-- AIM OF THE TASK --
The entries below contain a line with "qed (auto simp: soft_cap_eq_self" and a line with "(f x)) has_derivative". Quote exactly those two lines and all lines between them.
(DATA Opens)
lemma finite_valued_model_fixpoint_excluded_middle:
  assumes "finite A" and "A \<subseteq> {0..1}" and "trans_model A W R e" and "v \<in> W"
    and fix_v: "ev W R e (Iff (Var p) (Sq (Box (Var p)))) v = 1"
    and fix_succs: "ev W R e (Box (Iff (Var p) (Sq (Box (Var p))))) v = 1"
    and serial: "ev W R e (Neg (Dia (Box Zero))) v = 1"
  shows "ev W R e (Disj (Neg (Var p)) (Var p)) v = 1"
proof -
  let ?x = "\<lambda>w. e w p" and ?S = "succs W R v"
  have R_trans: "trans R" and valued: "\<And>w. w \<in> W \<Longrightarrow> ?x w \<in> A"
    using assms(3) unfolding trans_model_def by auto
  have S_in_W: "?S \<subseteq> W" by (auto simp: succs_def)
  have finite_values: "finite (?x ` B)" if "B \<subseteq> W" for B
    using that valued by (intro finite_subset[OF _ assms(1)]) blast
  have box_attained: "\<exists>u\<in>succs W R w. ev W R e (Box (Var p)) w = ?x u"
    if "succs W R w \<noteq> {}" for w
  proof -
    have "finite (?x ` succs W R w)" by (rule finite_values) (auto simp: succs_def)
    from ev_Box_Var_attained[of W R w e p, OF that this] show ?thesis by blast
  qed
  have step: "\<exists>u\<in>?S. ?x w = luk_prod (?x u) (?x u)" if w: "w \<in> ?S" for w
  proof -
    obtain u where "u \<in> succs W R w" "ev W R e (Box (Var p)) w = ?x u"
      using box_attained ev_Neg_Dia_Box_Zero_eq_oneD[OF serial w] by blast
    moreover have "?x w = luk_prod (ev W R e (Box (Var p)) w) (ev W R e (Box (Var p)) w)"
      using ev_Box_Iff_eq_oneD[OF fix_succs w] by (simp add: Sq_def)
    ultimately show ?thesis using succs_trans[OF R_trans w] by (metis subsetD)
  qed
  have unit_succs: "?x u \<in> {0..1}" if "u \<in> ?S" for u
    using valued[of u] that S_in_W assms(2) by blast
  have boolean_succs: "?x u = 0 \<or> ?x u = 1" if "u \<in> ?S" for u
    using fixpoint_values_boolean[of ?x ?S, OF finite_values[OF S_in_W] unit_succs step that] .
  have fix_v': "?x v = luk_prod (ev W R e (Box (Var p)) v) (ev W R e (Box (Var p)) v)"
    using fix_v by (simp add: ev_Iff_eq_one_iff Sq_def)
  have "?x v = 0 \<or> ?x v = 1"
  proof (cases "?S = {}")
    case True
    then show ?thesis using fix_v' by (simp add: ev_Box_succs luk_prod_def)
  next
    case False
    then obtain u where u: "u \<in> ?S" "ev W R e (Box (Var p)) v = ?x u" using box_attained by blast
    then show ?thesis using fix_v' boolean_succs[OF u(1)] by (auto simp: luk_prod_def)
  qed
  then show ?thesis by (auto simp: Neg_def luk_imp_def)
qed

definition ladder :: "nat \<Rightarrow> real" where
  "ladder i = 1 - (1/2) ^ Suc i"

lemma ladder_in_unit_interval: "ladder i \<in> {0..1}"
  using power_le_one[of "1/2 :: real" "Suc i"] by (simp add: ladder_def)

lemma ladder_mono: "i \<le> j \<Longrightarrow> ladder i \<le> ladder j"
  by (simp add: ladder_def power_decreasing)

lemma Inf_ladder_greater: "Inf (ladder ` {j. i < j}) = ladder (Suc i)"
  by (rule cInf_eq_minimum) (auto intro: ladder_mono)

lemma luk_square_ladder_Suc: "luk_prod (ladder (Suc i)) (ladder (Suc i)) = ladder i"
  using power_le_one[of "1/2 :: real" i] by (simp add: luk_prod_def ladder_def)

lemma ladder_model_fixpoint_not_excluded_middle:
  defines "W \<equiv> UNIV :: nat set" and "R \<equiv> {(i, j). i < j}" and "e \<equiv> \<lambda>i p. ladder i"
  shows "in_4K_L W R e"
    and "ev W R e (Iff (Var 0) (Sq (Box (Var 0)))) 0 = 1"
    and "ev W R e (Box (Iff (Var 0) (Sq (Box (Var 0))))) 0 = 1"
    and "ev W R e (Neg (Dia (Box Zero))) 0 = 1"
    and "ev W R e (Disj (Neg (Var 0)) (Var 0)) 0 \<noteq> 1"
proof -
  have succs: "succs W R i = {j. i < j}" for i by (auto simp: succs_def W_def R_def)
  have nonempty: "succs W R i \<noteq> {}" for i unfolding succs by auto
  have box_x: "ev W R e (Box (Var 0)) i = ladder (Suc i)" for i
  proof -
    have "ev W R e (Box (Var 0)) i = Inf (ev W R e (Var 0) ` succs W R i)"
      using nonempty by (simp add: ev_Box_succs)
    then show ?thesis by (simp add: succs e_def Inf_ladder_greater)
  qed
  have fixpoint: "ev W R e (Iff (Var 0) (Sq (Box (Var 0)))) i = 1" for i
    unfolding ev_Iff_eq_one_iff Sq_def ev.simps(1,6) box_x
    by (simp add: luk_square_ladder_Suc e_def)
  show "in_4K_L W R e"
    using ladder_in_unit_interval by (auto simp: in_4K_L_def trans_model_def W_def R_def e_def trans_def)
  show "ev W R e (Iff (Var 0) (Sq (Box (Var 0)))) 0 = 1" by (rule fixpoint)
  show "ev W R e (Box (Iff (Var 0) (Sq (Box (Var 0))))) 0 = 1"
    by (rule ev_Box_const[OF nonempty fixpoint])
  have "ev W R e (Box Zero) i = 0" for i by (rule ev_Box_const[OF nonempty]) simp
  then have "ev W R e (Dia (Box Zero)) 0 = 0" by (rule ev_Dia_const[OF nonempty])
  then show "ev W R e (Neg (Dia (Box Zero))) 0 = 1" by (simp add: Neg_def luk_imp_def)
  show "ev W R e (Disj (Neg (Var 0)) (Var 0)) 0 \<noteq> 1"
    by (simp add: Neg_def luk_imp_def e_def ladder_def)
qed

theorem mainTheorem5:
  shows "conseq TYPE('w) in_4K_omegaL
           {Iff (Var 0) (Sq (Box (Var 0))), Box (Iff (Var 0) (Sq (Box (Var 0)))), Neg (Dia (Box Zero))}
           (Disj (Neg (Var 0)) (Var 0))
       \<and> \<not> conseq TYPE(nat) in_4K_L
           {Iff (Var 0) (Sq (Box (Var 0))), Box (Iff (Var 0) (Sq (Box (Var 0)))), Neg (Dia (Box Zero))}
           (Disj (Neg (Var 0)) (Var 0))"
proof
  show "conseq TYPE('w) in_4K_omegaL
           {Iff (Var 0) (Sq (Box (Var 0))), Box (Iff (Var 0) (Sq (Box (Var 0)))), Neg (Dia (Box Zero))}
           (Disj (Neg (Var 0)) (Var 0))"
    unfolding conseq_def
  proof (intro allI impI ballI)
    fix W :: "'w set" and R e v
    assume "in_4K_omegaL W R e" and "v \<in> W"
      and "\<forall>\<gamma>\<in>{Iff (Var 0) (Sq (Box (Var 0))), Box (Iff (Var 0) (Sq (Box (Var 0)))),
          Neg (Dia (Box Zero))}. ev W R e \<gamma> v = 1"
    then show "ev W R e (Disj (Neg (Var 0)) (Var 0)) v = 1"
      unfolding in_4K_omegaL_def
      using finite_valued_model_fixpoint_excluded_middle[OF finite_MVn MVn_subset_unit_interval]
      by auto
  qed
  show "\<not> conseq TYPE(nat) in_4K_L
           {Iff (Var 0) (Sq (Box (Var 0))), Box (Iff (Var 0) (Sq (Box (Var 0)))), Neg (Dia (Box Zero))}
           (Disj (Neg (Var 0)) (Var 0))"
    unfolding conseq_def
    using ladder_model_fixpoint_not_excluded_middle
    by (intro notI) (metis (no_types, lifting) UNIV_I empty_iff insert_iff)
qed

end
(DATA Closes)
(DATA Opens)
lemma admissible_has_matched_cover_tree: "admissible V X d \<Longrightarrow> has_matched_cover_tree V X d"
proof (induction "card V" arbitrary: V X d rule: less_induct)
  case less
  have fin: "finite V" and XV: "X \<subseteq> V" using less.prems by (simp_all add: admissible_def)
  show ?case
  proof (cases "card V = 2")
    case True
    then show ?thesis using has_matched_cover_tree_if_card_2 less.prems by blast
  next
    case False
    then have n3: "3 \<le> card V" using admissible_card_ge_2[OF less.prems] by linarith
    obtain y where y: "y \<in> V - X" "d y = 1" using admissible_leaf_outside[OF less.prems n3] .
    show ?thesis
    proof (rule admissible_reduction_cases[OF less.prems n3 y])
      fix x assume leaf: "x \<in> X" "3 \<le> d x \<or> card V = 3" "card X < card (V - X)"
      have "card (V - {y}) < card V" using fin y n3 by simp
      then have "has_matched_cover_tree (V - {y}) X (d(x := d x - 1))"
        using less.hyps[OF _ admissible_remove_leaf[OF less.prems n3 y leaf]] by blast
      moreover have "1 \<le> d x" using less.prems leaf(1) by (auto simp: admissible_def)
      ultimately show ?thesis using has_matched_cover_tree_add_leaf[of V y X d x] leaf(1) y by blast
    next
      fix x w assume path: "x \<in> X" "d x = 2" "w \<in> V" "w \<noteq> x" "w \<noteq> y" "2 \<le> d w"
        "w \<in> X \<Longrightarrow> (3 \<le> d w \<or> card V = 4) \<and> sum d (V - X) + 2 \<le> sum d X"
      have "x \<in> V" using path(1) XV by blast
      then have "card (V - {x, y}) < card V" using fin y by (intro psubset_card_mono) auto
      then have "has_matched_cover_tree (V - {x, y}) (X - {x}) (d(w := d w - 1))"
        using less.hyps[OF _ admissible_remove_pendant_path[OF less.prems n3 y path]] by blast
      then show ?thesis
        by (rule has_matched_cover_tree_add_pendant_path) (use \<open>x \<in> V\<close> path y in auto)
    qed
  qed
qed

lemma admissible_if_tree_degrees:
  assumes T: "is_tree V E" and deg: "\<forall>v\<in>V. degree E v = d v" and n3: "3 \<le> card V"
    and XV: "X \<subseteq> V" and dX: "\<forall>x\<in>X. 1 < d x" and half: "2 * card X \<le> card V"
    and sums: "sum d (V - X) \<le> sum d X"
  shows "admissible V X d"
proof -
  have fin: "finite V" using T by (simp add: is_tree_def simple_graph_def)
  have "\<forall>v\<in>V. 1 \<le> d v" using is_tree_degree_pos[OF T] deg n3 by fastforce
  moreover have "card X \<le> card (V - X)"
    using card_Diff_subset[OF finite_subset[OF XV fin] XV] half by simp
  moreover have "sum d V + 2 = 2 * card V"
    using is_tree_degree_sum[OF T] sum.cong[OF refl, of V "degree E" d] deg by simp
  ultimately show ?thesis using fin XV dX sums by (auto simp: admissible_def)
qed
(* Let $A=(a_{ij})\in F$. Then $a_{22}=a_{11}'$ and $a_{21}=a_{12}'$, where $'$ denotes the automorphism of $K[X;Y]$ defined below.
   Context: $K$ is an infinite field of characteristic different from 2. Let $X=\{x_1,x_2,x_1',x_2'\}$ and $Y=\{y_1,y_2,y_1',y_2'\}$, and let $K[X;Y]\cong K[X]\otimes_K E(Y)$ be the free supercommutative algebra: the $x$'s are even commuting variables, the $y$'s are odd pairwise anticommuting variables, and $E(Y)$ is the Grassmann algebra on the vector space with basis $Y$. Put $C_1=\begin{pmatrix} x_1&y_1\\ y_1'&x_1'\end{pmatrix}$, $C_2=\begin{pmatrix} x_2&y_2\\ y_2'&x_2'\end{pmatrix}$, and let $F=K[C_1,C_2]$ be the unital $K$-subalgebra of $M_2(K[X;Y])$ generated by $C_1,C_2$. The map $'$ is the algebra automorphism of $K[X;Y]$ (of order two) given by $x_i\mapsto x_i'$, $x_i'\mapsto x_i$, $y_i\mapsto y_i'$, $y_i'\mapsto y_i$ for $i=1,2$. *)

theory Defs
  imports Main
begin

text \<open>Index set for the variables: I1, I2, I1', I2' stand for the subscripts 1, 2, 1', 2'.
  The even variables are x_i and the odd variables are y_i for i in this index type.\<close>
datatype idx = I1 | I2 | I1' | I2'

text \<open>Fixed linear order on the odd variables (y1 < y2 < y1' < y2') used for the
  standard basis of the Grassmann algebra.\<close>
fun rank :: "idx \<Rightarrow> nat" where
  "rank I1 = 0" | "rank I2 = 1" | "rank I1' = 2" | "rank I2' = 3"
(DATA Closes)
(DATA Opens)
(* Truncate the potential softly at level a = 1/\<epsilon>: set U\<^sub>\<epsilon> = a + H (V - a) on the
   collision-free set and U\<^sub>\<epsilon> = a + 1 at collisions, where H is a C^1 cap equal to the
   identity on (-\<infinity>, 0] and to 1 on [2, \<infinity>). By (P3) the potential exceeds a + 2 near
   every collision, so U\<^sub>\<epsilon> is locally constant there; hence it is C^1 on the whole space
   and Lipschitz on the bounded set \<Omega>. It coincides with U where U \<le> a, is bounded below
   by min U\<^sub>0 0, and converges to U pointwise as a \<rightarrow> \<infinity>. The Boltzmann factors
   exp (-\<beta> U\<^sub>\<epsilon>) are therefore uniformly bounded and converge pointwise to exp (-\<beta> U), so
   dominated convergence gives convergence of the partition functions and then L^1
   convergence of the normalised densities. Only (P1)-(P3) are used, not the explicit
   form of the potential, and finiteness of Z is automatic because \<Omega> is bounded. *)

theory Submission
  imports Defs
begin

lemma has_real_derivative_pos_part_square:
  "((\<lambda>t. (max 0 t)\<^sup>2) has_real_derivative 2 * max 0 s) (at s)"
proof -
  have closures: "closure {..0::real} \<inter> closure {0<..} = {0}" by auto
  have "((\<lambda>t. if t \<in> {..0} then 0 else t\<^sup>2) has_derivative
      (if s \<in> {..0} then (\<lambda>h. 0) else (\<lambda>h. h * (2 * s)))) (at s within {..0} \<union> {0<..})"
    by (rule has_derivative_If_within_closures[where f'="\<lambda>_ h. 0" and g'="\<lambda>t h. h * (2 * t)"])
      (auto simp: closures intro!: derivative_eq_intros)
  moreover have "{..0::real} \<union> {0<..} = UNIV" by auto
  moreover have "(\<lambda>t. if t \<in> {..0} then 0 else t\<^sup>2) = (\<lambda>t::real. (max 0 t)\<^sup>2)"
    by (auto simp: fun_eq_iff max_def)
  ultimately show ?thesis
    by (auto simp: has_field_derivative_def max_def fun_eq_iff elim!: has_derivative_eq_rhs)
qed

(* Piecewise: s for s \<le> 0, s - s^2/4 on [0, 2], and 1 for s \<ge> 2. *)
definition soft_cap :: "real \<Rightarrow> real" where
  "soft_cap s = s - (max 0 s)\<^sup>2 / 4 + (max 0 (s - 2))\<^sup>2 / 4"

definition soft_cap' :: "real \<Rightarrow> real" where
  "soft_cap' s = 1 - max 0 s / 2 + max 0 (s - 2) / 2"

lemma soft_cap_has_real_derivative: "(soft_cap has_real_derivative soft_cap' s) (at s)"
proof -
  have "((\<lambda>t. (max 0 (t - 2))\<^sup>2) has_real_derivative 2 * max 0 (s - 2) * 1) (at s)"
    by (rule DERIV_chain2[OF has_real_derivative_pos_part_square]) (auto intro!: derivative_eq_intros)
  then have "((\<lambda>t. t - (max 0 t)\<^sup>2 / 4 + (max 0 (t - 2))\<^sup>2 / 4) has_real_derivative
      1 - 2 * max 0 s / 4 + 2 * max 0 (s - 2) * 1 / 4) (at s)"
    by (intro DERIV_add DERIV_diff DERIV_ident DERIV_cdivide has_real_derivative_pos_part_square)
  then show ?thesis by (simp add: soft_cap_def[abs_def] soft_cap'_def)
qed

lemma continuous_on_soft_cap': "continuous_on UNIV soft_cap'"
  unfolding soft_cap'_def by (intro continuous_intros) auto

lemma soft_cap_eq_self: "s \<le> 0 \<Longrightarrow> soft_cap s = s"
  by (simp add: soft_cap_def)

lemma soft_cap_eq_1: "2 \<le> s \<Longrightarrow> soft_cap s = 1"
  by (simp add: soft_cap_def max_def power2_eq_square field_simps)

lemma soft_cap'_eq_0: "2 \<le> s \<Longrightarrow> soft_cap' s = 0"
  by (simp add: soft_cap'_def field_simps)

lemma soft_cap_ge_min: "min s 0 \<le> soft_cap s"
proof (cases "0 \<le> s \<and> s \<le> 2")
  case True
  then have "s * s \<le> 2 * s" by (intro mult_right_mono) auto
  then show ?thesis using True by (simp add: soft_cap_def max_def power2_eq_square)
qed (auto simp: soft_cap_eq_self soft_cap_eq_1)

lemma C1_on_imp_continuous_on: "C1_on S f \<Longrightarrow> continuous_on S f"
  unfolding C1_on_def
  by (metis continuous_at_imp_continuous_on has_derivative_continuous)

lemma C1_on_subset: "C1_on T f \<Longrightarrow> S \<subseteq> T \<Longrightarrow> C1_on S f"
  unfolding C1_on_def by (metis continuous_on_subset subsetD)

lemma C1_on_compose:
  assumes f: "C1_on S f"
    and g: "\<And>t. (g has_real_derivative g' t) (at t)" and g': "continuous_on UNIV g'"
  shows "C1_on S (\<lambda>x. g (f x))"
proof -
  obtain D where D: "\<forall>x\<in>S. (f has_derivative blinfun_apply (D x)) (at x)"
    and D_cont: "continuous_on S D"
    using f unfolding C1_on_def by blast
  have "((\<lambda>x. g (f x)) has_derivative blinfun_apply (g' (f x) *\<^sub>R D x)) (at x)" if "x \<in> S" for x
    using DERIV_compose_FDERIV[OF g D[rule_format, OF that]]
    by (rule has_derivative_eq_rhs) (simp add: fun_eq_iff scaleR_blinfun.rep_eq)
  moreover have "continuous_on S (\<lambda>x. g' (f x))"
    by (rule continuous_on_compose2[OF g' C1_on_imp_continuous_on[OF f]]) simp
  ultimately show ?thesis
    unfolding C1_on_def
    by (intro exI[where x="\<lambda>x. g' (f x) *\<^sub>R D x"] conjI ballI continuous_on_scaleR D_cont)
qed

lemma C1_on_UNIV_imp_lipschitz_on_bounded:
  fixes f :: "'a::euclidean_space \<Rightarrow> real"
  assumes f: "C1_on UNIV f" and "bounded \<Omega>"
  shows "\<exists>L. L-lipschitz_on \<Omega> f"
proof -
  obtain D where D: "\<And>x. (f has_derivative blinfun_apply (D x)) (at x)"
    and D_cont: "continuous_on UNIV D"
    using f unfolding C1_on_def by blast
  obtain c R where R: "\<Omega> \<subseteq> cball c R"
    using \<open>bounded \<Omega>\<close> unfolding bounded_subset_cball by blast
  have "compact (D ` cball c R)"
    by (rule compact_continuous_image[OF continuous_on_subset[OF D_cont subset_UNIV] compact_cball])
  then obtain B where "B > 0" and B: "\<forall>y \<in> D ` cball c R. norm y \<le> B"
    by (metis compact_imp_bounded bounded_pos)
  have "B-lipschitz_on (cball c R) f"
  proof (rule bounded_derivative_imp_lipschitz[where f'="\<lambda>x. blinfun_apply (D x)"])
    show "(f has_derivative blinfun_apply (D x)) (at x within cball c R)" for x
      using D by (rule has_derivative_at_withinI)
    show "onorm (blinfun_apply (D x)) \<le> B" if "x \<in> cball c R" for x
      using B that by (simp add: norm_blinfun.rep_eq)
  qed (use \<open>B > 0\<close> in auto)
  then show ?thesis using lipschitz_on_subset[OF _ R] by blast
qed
(DATA Closes)
-- SOLUTION FOR THIS TASK --
qed (auto simp: soft_cap_eq_self soft_cap_eq_1)

lemma C1_on_imp_continuous_on: "C1_on S f \<Longrightarrow> continuous_on S f"
  unfolding C1_on_def
  by (metis continuous_at_imp_continuous_on has_derivative_continuous)

lemma C1_on_subset: "C1_on T f \<Longrightarrow> S \<subseteq> T \<Longrightarrow> C1_on S f"
  unfolding C1_on_def by (metis continuous_on_subset subsetD)

lemma C1_on_compose:
  assumes f: "C1_on S f"
    and g: "\<And>t. (g has_real_derivative g' t) (at t)" and g': "continuous_on UNIV g'"
  shows "C1_on S (\<lambda>x. g (f x))"
proof -
  obtain D where D: "\<forall>x\<in>S. (f has_derivative blinfun_apply (D x)) (at x)"
    and D_cont: "continuous_on S D"
    using f unfolding C1_on_def by blast
  have "((\<lambda>x. g (f x)) has_derivative blinfun_apply (g' (f x) *\<^sub>R D x)) (at x)" if "x \<in> S" for x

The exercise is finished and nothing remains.